§ TASK TO COMPLETE
Restate exactly the lines from the top of the listing below to the line containing "br (sc (of_int"; the remaining lines are not wanted.
___ PROVIDED DATA
lemma D_bracket: "D (br x y) = br (D x) y + br x (D y)"
proof -
  have leibniz: "D (br u y) = br (D u) y + br u (D y)" if "u \<in> par_space S0 S1 j" for u j
    using D_hom_derivation that unfolding hom_derivation_def by simp
  have "D x = D (even_part x) + D (odd_part x)"
    using linear_add[OF linear_D, of "even_part x" "odd_part x"] by (simp add: even_plus_odd)
  then show ?thesis
    using leibniz[OF even_part_par_space, of x] leibniz[OF odd_part_par_space, of x]
      bracket_split_left[of x y] bracket_split_left[of x "D y"] linear_add[OF linear_D]
    by (simp add: bracket_add_left algebra_simps)
qed

lemma D_parts: "D (even_part x) = even_part (D x)" "D (odd_part x) = odd_part (D x)"
proof -
  have "D x = D (even_part x) + D (odd_part x)"
    using linear_add[OF linear_D, of "even_part x" "odd_part x"] by (simp add: even_plus_odd)
  moreover have "D (even_part x) \<in> S0" "D (odd_part x) \<in> S1"
    using D_par_space[OF even_part_par_space] D_par_space[OF odd_part_par_space]
    by (simp_all add: par_space_def)
  ultimately show "D (even_part x) = even_part (D x)" "D (odd_part x) = odd_part (D x)"
    using even_odd_parts_unique[of "D (even_part x)" "D (odd_part x)" "D x"] by simp_all
qed

lemma subspace_grade: "subspace (G q)"
  by (rule subspaceI)
    (auto simp: grade_def linear_0[OF linear_D] linear_add[OF linear_D] linear_scale[OF linear_D]
      scale_right_distrib scale_left_commute)

lemma zero_in_grade: "0 \<in> G q"
  using subspace_0[OF subspace_grade] .

lemma parts_in_grade: "x \<in> G q \<Longrightarrow> even_part x \<in> G q" "x \<in> G q \<Longrightarrow> odd_part x \<in> G q"
  by (auto simp: grade_def D_parts parts_scale)

lemma bracket_grade:
  assumes "x \<in> G p" "y \<in> G q"
  shows "br x y \<in> G (p + q)"
proof -
  have "D (br x y) = br (sc (of_int p) x) y + br x (sc (of_int q) y)"
    using assms by (simp add: D_bracket grade_def)
  also have "\<dots> = sc (of_int (p + q)) (br x y)"
    by (simp add: bracket_scale_left bracket_scale_right scale_left_distrib)
  finally show ?thesis by (simp add: grade_def)
qed

lemma grade_disjoint: "x \<in> G p \<Longrightarrow> x \<in> G q \<Longrightarrow> p \<noteq> q \<Longrightarrow> x = 0"
  by (simp add: grade_def)

lemma grade_decomposition: "\<exists>F w. finite F \<and> (\<forall>q. w q \<in> G q) \<and> x = sum w F"
  using span_UN_subspaces_sum[OF subspace_grade span_grades] .

lemma grades_independent:
  "finite F \<Longrightarrow> \<forall>q\<in>F. w q \<in> G q \<Longrightarrow> sum w F = 0 \<Longrightarrow> \<forall>q\<in>F. w q = 0"
proof (induction F arbitrary: w rule: finite_induct)
  case empty
  then show ?case by simp
next
  case (insert p F)
  have D_sum: "D (sum w (insert p F)) = (\<Sum>q\<in>insert p F. sc (of_int q) (w q))"
    using insert(4) by (auto simp: linear_sum[OF linear_D] grade_def intro!: sum.cong)
  text \<open>Subtracting \<open>p\<close> times the relation from its image under \<open>D\<close> kills the \<open>p\<close>-component.\<close>
  have "(\<Sum>q\<in>insert p F. sc (of_int q - of_int p) (w q))
      = D (sum w (insert p F)) - sc (of_int p) (sum w (insert p F))"
    by (simp add: D_sum scale_left_diff_distrib sum_subtractf scale_sum_right)
  also have "\<dots> = 0" using insert(5) by (simp add: linear_0[OF linear_D])
  finally have "(\<Sum>q\<in>F. sc (of_int q - of_int p) (w q)) = 0"
    using insert(1,2) by simp
  then have "\<forall>q\<in>F. sc (of_int q - of_int p) (w q) = 0"
    using insert.IH[of "\<lambda>q. sc (of_int q - of_int p) (w q)"] insert(4)
      subspace_scale[OF subspace_grade] by simp
  moreover have "(of_int q - of_int p :: complex) \<noteq> 0" if "q \<in> F" for q
    using that insert(2) by auto
  ultimately have "\<forall>q\<in>F. w q = 0" by simp
  moreover have "w p = 0" using insert(1,2,5) calculation by simp
  ultimately show ?case by simp
qed

lemma linear_eq_0_on_grades:
  assumes f: "Vector_Spaces.linear sc sc f" and zero: "\<And>q x. x \<in> G q \<Longrightarrow> f x = 0"
  shows "f x = 0"
proof -
  obtain F w where "finite F" "\<forall>q. w q \<in> G q" "x = sum w F" using grade_decomposition by blast
  then have "f x = (\<Sum>q\<in>F. f (w q))" by (simp add: linear_sum[OF f])
  also have "\<dots> = 0" using zero \<open>\<forall>q. w q \<in> G q\<close> by (intro sum.neutral) blast
  finally show ?thesis .
qed

lemma subspace_contains_grades:
  assumes V: "subspace V" and grades: "\<And>q. G q \<subseteq> V"
  shows "x \<in> V"
proof -
  obtain F w where "finite F" "\<forall>q. w q \<in> G q" "x = sum w F" using grade_decomposition by blast
  then show ?thesis using grades by (auto intro!: subspace_sum[OF V])
qed

lemma independent_grade_representatives:
  assumes v: "\<And>q. q \<in> Q \<Longrightarrow> v q \<in> G q \<and> v q \<noteq> 0"
  shows "inj_on v Q" and "independent (v ` Q)"
proof -
  show inj: "inj_on v Q"
  proof (rule inj_onI)
    fix p q assume "p \<in> Q" "q \<in> Q" "v p = v q"
    then show "p = q" using v[of p] v[of q] grade_disjoint[of "v p" p q] by auto
  qed
  show "independent (v ` Q)"
  proof
    assume "dependent (v ` Q)"
    then obtain t u where t: "finite t" "t \<subseteq> v ` Q" "(\<Sum>x\<in>t. sc (u x) x) = 0" "\<exists>x\<in>t. u x \<noteq> 0"
      unfolding dependent_explicit by blast
    define Q' where "Q' = {q \<in> Q. v q \<in> t}"
    have t_eq: "t = v ` Q'" using t(2) by (auto simp: Q'_def)
    have inj': "inj_on v Q'" using inj by (rule inj_on_subset) (auto simp: Q'_def)
    have "finite Q'" using t(1) finite_imageD[OF _ inj'] by (simp add: t_eq)
    moreover have "\<forall>q\<in>Q'. sc (u (v q)) (v q) \<in> G q"
      using v subspace_scale[OF subspace_grade] by (auto simp: Q'_def)
    moreover have "(\<Sum>q\<in>Q'. sc (u (v q)) (v q)) = 0"
      using t(3) sum.reindex[OF inj', of "\<lambda>x. sc (u x) x"] by (simp add: t_eq)
    ultimately have "\<forall>q\<in>Q'. sc (u (v q)) (v q) = 0" by (rule grades_independent)
    then have "\<forall>q\<in>Q'. u (v q) = 0" using v by (auto simp: Q'_def)
    then show False using t(4) by (auto simp: t_eq)
  qed
qed

lemma finite_nonzero_grades:
  assumes "finite_dim sc"
  shows "finite {q. G q \<noteq> {0}}"
proof -
  obtain B where fd: "finite_dimensional_vector_space sc B"
    using assms unfolding finite_dim_def by blast
  define v where "v q = (SOME v. v \<in> G q \<and> v \<noteq> 0)" for q
  have v: "v q \<in> G q \<and> v q \<noteq> 0" if "q \<in> {q. G q \<noteq> {0}}" for q
  proof -
    have "\<exists>v. v \<in> G q \<and> v \<noteq> 0" using that zero_in_grade by blast
    then show ?thesis unfolding v_def by (rule someI_ex)
  qed
  have "finite (v ` {q. G q \<noteq> {0}})"
    by (rule finite_dimensional_vector_space.finiteI_independent[OF fd
          independent_grade_representatives(2)[OF v]])
  then show ?thesis by (rule finite_imageD[OF _ independent_grade_representatives(1)[OF v]])
qed

lemma grades_bounded_above:
  assumes "finite_dim sc"
  shows "\<exists>N. \<forall>q>N. G q = {0}"
proof -
  let ?N = "Max (insert 0 {q. G q \<noteq> {0}})"
  have "q \<le> ?N" if "G q \<noteq> {0}" for q
    using finite_nonzero_grades[OF assms] that by (intro Max_ge) auto
  then have "\<forall>q > ?N. G q = {0}" by (meson not_le)
  then show ?thesis by (rule exI)
qed

lemma span_graded_subspaces_grade:
  assumes V: "\<And>q. subspace (V q)" "\<And>q. V q \<subseteq> G q"
    and x: "x \<in> span (\<Union>q. V q)" "x \<in> G p"
  shows "x \<in> V p"
proof -
  obtain F w where F: "finite F" and w: "\<forall>q. w q \<in> V q" and x_sum: "x = sum w F"
    using span_UN_subspaces_sum[OF V(1) x(1)] by blast
  define w0 where "w0 q = (if q \<in> F then w q else 0)" for q
  have "sum w0 (insert p F) = x"
    using F by (cases "p \<in> F") (auto simp: x_sum w0_def insert_absorb intro!: sum.cong)
  then have "(\<Sum>q\<in>insert p F. w0 q - (if q = p then x else 0)) = 0"
    using F by (simp add: sum_subtractf)
  moreover have "w0 q \<in> G q" for q using w V(2) zero_in_grade by (auto simp: w0_def)
  moreover have "(if q = p then x else 0) \<in> G q" for q using x(2) zero_in_grade by auto
  ultimately have "w0 p - x = 0"
    using grades_independent[of "insert p F" "\<lambda>q. w0 q - (if q = p then x else 0)"] F
      subspace_diff[OF subspace_grade] by simp
  then show ?thesis using w subspace_0[OF V(1)] by (auto simp: w0_def split: if_splits)
qed

lemma der_gradeE:
  assumes "x \<in> der_grade sc S0 S1 br D p"
  obtains \<phi>0 \<phi>1 where "hom_derivation sc S0 S1 br 0 \<phi>0" "hom_derivation sc S0 S1 br 1 \<phi>1"
    "x = (\<lambda>v. \<phi>0 v + \<phi>1 v)" "\<And>v. D (x v) - x (D v) = sc (of_int p) (x v)"
  using assms unfolding der_grade_def der_def by (auto dest: fun_cong)

lemma der_grade_linear: "x \<in> der_grade sc S0 S1 br D p \<Longrightarrow> Vector_Spaces.linear sc sc x"
  by (simp add: der_grade_def der_linear)

lemma zero_in_der_grade: "(\<lambda>_. 0) \<in> der_grade sc S0 S1 br D p"
  using hom_derivation_zero[of 0] hom_derivation_zero[of 1]
  by (auto simp: der_grade_def der_def linear_0[OF linear_D])

lemma der_grade_maps_grade:
  assumes x: "x \<in> der_grade sc S0 S1 br D p" and z: "z \<in> G q"
  shows "x z \<in> G (q + p)"
proof -
  have commute: "D (x v) - x (D v) = sc (of_int p) (x v)" for v
    using x by (auto simp: der_grade_def dest: fun_cong)
  have "D (x z) = x (D z) + sc (of_int p) (x z)"
    using commute[of z] by (simp add: algebra_simps)
  also have "\<dots> = sc (of_int (q + p)) (x z)"
    using z linear_scale[OF der_grade_linear[OF x]] by (simp add: grade_def scale_left_distrib)
  finally show ?thesis by (simp add: grade_def)
qed

lemma der_grade_components_graded:
  assumes x: "x \<in> der_grade sc S0 S1 br D p" and hom: "hom_derivation sc S0 S1 br 0 \<phi>0"
    "hom_derivation sc S0 S1 br 1 \<phi>1" and x_eq: "x = (\<lambda>v. \<phi>0 v + \<phi>1 v)" and z: "z \<in> G q"
  shows "\<phi>0 z \<in> G (q + p)" "\<phi>1 z \<in> G (q + p)"
proof -
  have ev: "\<phi>0 (even_part z) + \<phi>1 (even_part z) \<in> G (q + p)"
    and od: "\<phi>0 (odd_part z) + \<phi>1 (odd_part z) \<in> G (q + p)"
    using der_grade_maps_grade[OF x] parts_in_grade[OF z] by (auto simp: x_eq)
  show "\<phi>0 z \<in> G (q + p)"
    unfolding hom_derivation_components(1)[OF hom, of z]
    using parts_in_grade(1)[OF ev] parts_in_grade(2)[OF od] by (rule subspace_add[OF subspace_grade])
  show "\<phi>1 z \<in> G (q + p)"
    unfolding hom_derivation_components(2)[OF hom, of z]
    using parts_in_grade(2)[OF ev] parts_in_grade(1)[OF od] by (rule subspace_add[OF subspace_grade])
qed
______
§ EXERCISE RESULT
lemma D_bracket: "D (br x y) = br (D x) y + br x (D y)"
proof -
  have leibniz: "D (br u y) = br (D u) y + br u (D y)" if "u \<in> par_space S0 S1 j" for u j
    using D_hom_derivation that unfolding hom_derivation_def by simp
  have "D x = D (even_part x) + D (odd_part x)"
    using linear_add[OF linear_D, of "even_part x" "odd_part x"] by (simp add: even_plus_odd)
  then show ?thesis
    using leibniz[OF even_part_par_space, of x] leibniz[OF odd_part_par_space, of x]
      bracket_split_left[of x y] bracket_split_left[of x "D y"] linear_add[OF linear_D]
    by (simp add: bracket_add_left algebra_simps)
qed

lemma D_parts: "D (even_part x) = even_part (D x)" "D (odd_part x) = odd_part (D x)"
proof -
  have "D x = D (even_part x) + D (odd_part x)"
    using linear_add[OF linear_D, of "even_part x" "odd_part x"] by (simp add: even_plus_odd)
  moreover have "D (even_part x) \<in> S0" "D (odd_part x) \<in> S1"
    using D_par_space[OF even_part_par_space] D_par_space[OF odd_part_par_space]
    by (simp_all add: par_space_def)
  ultimately show "D (even_part x) = even_part (D x)" "D (odd_part x) = odd_part (D x)"
    using even_odd_parts_unique[of "D (even_part x)" "D (odd_part x)" "D x"] by simp_all
qed

lemma subspace_grade: "subspace (G q)"
  by (rule subspaceI)
    (auto simp: grade_def linear_0[OF linear_D] linear_add[OF linear_D] linear_scale[OF linear_D]
      scale_right_distrib scale_left_commute)

lemma zero_in_grade: "0 \<in> G q"
  using subspace_0[OF subspace_grade] .

lemma parts_in_grade: "x \<in> G q \<Longrightarrow> even_part x \<in> G q" "x \<in> G q \<Longrightarrow> odd_part x \<in> G q"
  by (auto simp: grade_def D_parts parts_scale)

lemma bracket_grade:
  assumes "x \<in> G p" "y \<in> G q"
  shows "br x y \<in> G (p + q)"
proof -
  have "D (br x y) = br (sc (of_int p) x) y + br x (sc (of_int q) y)"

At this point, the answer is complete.